Use the multiplot function. The last class-label column will provide you with the guidance how the values of gene expressions are distributed across classes. Observe how the gene expression values of selected genes vary across the classes.
Class distribution of selected genes. This function is another visualisation method to see whether selected genes clearly separate the classes.
3D visualisation. Tick the option Classification data before pressing Start. Manipulate Azimuth and Elevation to rotate the data. Find whether any combination of 3 genes can lead to a clear distinction between classes.
K-means clustering. (Data Analysis -> Clustering -> K-means.) Tick Show cluster label on the right. The default number of clusters is 3 (in the field Number of). Perform the clustering for each pair of features (X and Y values). Do the clusters correspond to classes? Unfortunately we cannot tell. We could use the sample numbers to find out but the graph resolution does not allow us.
PCA can be found in Visualisation. Tick the options Data contains output and Classification D under parameters. Can PCA help to classify samples in this particular case? Check also the graph with %variance captured, which expresses the portion of variance in the data captured by individual principal components.
We will compare performance of two classification methods, SVM and MLP, on three datasets of selected genes, 3, 5 and 10 genes. Comparison will be done by means of the leave-one-out cross-validation method.
Note: You have to clear old and create new sessions before each experiment.
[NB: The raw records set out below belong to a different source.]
(* Let $r\ge4$. Let $\alpha>0$ be sufficiently small in terms of $r$, and let $\delta>0$ be sufficiently small in terms of $\alpha$. Let $\mathcal C$ be a nonempty collection of balanced cuts and $H$ a graph on $V=[n]$. If $H$ is rigid (with respect to $\mathcal C$), then there are distinct $(\mathcal C,H)$-components $S_1,\dots,S_{r-1}$ each of size greater than $n/r$.
   Context: A cut is an ordered partition $\Pi=(A_1,\dots,A_{r-1})$ of $V$. It is balanced if each block has size strictly between $(1-\delta)n/(r-1)$ and $(1+\delta)n/(r-1)$. $\mathrm{ext}(\Pi)$ is the set of pairs meeting two distinct blocks, and $|\Pi_H|=|H\cap\mathrm{ext}(\Pi)|$. $b(\mathcal C,H)=\max\{|\Pi_H|:\Pi\in\mathcal C\}$ and $\max(\mathcal C,H)=\{\Pi\in\mathcal C:|\Pi_H|=b(\mathcal C,H)\}$. Write $x\equiv y$ if $x$ and $y$ lie in the same block of $\Pi$ for every $\Pi\in\max(\mathcal C,H)$. The equivalence classes of $\equiv$ are the $(\mathcal C,H)$-components. $H$ is rigid if the number of unordered pairs $\{x,y\}$ ($x\ne y$) with $x\equiv y$ is at least $(1-\alpha)n^2/(2(r-1))$. *)

theory Defs
  imports Complex_Main
begin

text \<open>A cut with r-1 blocks is a
function Pi :: nat => nat set whose blocks are Pi 0, ..., Pi (r-2); Pi i = {}
for i >= r-1 (so that cuts are determined by their blocks).\<close>

definition vset :: "nat \<Rightarrow> nat set" where
  "vset n = {1..n}"

definition is_cut :: "nat \<Rightarrow> nat \<Rightarrow> (nat \<Rightarrow> nat set) \<Rightarrow> bool" where
  "is_cut r n P \<longleftrightarrow>
     (\<forall>i<r-1. P i \<subseteq> vset n) \<and>
     (\<forall>i<r-1. \<forall>j<r-1. i \<noteq> j \<longrightarrow> P i \<inter> P j = {}) \<and>
     (\<Union>i<r-1. P i) = vset n \<and>
     (\<forall>i\<ge>r-1. P i = {})"
(* Let $\alpha>0$, let $K\subseteq\mathbb{R}^d$ be a closed convex cone and $P\in\mathbb{R}^{d\times d}$ non-singular, and set $K'=PK=\{Px:x\in K\}$. Let $\mathcal{A}=\{y\in\mathbb{R}^d: x^Ty\le\|Px\|\,\alpha\ \text{for all }x\in K\}$ and $\mathcal{B}=P^T\big(\{\tilde{y}\in\mathbb{R}^d:\|p_{K'}(\tilde{y})\|\le\alpha\}\big)=\{P^T\tilde{y}:\|p_{K'}(\tilde{y})\|\le\alpha\}$. Then $\mathcal{A}=\mathcal{B}$.
   Context: $\|\cdot\|$ is the Euclidean norm. For a closed convex set $C\subset\mathbb{R}^d$ and $y\in\mathbb{R}^d$, the projection $p_C(y)$ is the unique point of $C$ with $\|p_C(y)-y\|=\inf_{x\in C}\|x-y\|$. *)

theory Defs
  imports "HOL-Analysis.Analysis"
begin

definition proj :: "('a::euclidean_space) set \<Rightarrow> 'a \<Rightarrow> 'a" where
  "proj C y = (THE p. p \<in> C \<and> norm (p - y) = (INF x\<in>C. norm (x - y)))"

end

theory Submission
  imports Defs
begin

text \<open>For a closed convex cone \<open>C\<close> with projection \<open>p\<close> of \<open>y\<close>, the residual \<open>y - p\<close>
  lies in the polar cone and is orthogonal to \<open>p\<close>; hence \<open>z \<bullet> y \<le> z \<bullet> p\<close> on \<open>C\<close>
  with equality at \<open>z = p\<close>. Cauchy-Schwarz then shows that \<open>\<parallel>p\<parallel> \<le> \<alpha>\<close> exactly when
  \<open>z \<bullet> y \<le> \<alpha> \<parallel>z\<parallel>\<close> on \<open>C\<close>. Applied to \<open>K' = P K\<close> and \<open>y = P\<^sup>T y\<^sub>0\<close>, together with
  \<open>(P x) \<bullet> y\<^sub>0 = x \<bullet> P\<^sup>T y\<^sub>0\<close> and surjectivity of \<open>P\<^sup>T\<close>, this gives the theorem.\<close>

lemma proj_eq_closest_point:
  fixes C :: "'a::euclidean_space set"
  assumes "closed C" "convex C" "C \<noteq> {}"
  shows "proj C y = closest_point C y"
  unfolding proj_def
proof (rule the_equality)
  let ?c = "closest_point C y"
  have "?c \<in> C" using closest_point_in_set[OF assms(1,3)] .
  moreover have "norm (?c - y) \<le> norm (x - y)" if "x \<in> C" for x
    using closest_point_le[OF assms(1) that] by (metis dist_norm norm_minus_commute)
  ultimately show "?c \<in> C \<and> norm (?c - y) = (INF x\<in>C. norm (x - y))"
    by (auto intro!: cInf_eq_minimum[symmetric])
  fix p assume p: "p \<in> C \<and> norm (p - y) = (INF x\<in>C. norm (x - y))"
  have "dist y p \<le> dist y z" if "z \<in> C" for z
  proof -
    have "(INF x\<in>C. norm (x - y)) \<le> norm (z - y)"
      by (rule cINF_lower[OF _ that]) (auto intro: bdd_belowI[of _ 0])
    then show ?thesis using p by (simp add: dist_norm norm_minus_commute)
  qed
  then show "p = ?c" using closest_point_unique[OF assms(2,1)] p by blast
qed

lemma closest_point_cone_orthogonal:
  fixes C :: "'a::euclidean_space set"
  assumes "closed C" "convex C" "cone C" "C \<noteq> {}"
  shows "(y - closest_point C y) \<bullet> closest_point C y = 0"
proof -
  let ?p = "closest_point C y"
  have dot: "(y - ?p) \<bullet> (x - ?p) \<le> 0" if "x \<in> C" for x
    using closest_point_dot[OF assms(2,1) that] .
  have "?p \<in> C" using closest_point_in_set[OF assms(1,4)] .
  then have "2 *\<^sub>R ?p \<in> C" "0 \<in> C"
    using assms(3,4) by (auto simp: cone_def cone_contains_0)
  from dot[OF this(1)] dot[OF this(2)] show ?thesis
    by (simp add: inner_diff_right algebra_simps)
qed

lemma closest_point_cone_inner_le:
  fixes C :: "'a::euclidean_space set"
  assumes "closed C" "convex C" "cone C" "z \<in> C"
  shows "z \<bullet> y \<le> z \<bullet> closest_point C y"
proof -
  let ?p = "closest_point C y"
  have "C \<noteq> {}" using assms(4) by blast
  have "(y - ?p) \<bullet> (z - ?p) \<le> 0" using closest_point_dot[OF assms(2,1,4)] .
  with closest_point_cone_orthogonal[OF assms(1-3) \<open>C \<noteq> {}\<close>]
  have "(y - ?p) \<bullet> z \<le> 0" by (auto simp: inner_diff_right)
  then show ?thesis by (simp add: inner_diff_right inner_commute)
qed

lemma norm_closest_point_cone_le_iff:
  fixes C :: "'a::euclidean_space set"
  assumes "closed C" "convex C" "cone C" "C \<noteq> {}" "\<alpha> \<ge> 0"
  shows "norm (closest_point C y) \<le> \<alpha> \<longleftrightarrow> (\<forall>z\<in>C. z \<bullet> y \<le> norm z * \<alpha>)"
proof
  let ?p = "closest_point C y"
  assume "norm ?p \<le> \<alpha>"
  show "\<forall>z\<in>C. z \<bullet> y \<le> norm z * \<alpha>"
  proof
    fix z assume "z \<in> C"
    have "z \<bullet> y \<le> z \<bullet> ?p" using closest_point_cone_inner_le[OF assms(1-3) \<open>z \<in> C\<close>] .
    also have "\<dots> \<le> norm z * norm ?p" by (rule Cauchy_Schwarz_ineq2[THEN abs_le_D1])
    also have "\<dots> \<le> norm z * \<alpha>" using \<open>norm ?p \<le> \<alpha>\<close> by (simp add: mult_left_mono)
    finally show "z \<bullet> y \<le> norm z * \<alpha>" .
  qed
next
  let ?p = "closest_point C y"
  assume bound: "\<forall>z\<in>C. z \<bullet> y \<le> norm z * \<alpha>"
  have "norm ?p * norm ?p = ?p \<bullet> ?p"
    by (simp add: power2_norm_eq_inner[symmetric] power2_eq_square)
  also have "\<dots> = ?p \<bullet> y"
    using closest_point_cone_orthogonal[OF assms(1-4), of y]
    by (simp add: inner_diff_right inner_commute algebra_simps)
  also have "\<dots> \<le> norm ?p * \<alpha>"
    using bound closest_point_in_set[OF assms(1,4)] by blast
  finally show "norm ?p \<le> \<alpha>"
    using assms(5) by (cases "norm ?p = 0") (auto simp: mult_le_cancel_left)
qed

lemma matrix_image_closed_convex_cone:
  fixes P :: "real^'n^'n"
  assumes "invertible P" "closed K" "convex K" "cone K"
  shows "closed ((*v) P ` K)" "convex ((*v) P ` K)" "cone ((*v) P ` K)"
proof -
  show "closed ((*v) P ` K)"
    by (rule closed_injective_linear_image[OF assms(2)])
      (auto simp: inj_matrix_vector_mult[OF assms(1)])
  show "convex ((*v) P ` K)" by (rule convex_linear_image[OF _ assms(3)]) simp
  show "cone ((*v) P ` K)"
    using assms(4) by (auto simp: cone_def matrix_vector_mult_scaleR[symmetric])
qed

lemma surj_transpose_matrix_vector_mult:
  fixes P :: "real^'n^'n"
  assumes "invertible P"
  shows "surj ((*v) (transpose P))"
  using assms matrix_right_invertible_surjective transpose_invertible
  unfolding invertible_def by blast

lemma inner_transpose_matrix_vector_mult:
  "x \<bullet> (transpose P *v y) = (P *v x) \<bullet> (y :: real^'n)"
  by (metis inner_commute dot_lmul_matrix transpose_matrix_vector)

theorem mainTheorem17:
  fixes \<alpha> :: real and K :: "(real^'n) set" and P :: "real^'n^'n"
  assumes "\<alpha> > 0"
    and "closed K" and "convex K" and "cone K" and "0 \<in> K"
    and "invertible P"
  defines "K' \<equiv> (\<lambda>x. P *v x) ` K"
  shows "{y. \<forall>x\<in>K. x \<bullet> y \<le> norm (P *v x) * \<alpha>}
       = (\<lambda>yt. transpose P *v yt) ` {yt. norm (proj K' yt) \<le> \<alpha>}"
proof -
  note K'_cone = matrix_image_closed_convex_cone[OF assms(6,2-4), folded K'_def]
  have "K' \<noteq> {}" using assms(5) unfolding K'_def by blast
  have "norm (proj K' yt) \<le> \<alpha> \<longleftrightarrow> transpose P *v yt \<in> {y. \<forall>x\<in>K. x \<bullet> y \<le> norm (P *v x) * \<alpha>}"
    for yt
    using norm_closest_point_cone_le_iff[OF K'_cone \<open>K' \<noteq> {}\<close>, of \<alpha> yt] assms(1)
      proj_eq_closest_point[OF K'_cone(1,2) \<open>K' \<noteq> {}\<close>]
    by (simp add: K'_def inner_transpose_matrix_vector_mult del: transpose_matrix_vector)
  with surj_transpose_matrix_vector_mult[OF assms(6)] show ?thesis
    by (auto simp: image_iff)
qed

end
In Modelling&Discovery dropdown menu choose cross-validation. Select the dataset. After clicking the Create Sessions action button choose Classification, then Support Vector Machine, then Linear with N/A option (or polynomial with a specified degree of the polynomial boundary), then Leave-one-out cross-validation, sequential sampling, and No normalisation, inductive (or transductive) training, no feature selection. Keep all created sessions highlighted and click Start button. When the the cross-validation is finished, press Visualise results.
In Modelling&Discovery
dropdown menu choose
cross-validation. Select the dataset.
After clicking the Create Sessions action button choose Classification,
then Multi-Layer Perceptron, then you have to choose network parameters.
Keep all the default parameters except the number of hidden neurons,
which you will experiment with. In your experiments, try 5, 10 and 20
hidden neurons.
Then select Leave-one-out cross-validation, sequential sampling, and
No normalisation,
inductive training (only inductive training will be used for MLP), no
feature selection.
Keep all created sessions highlighted and click Start button.
When the the cross-validation is finished, press Visualise results.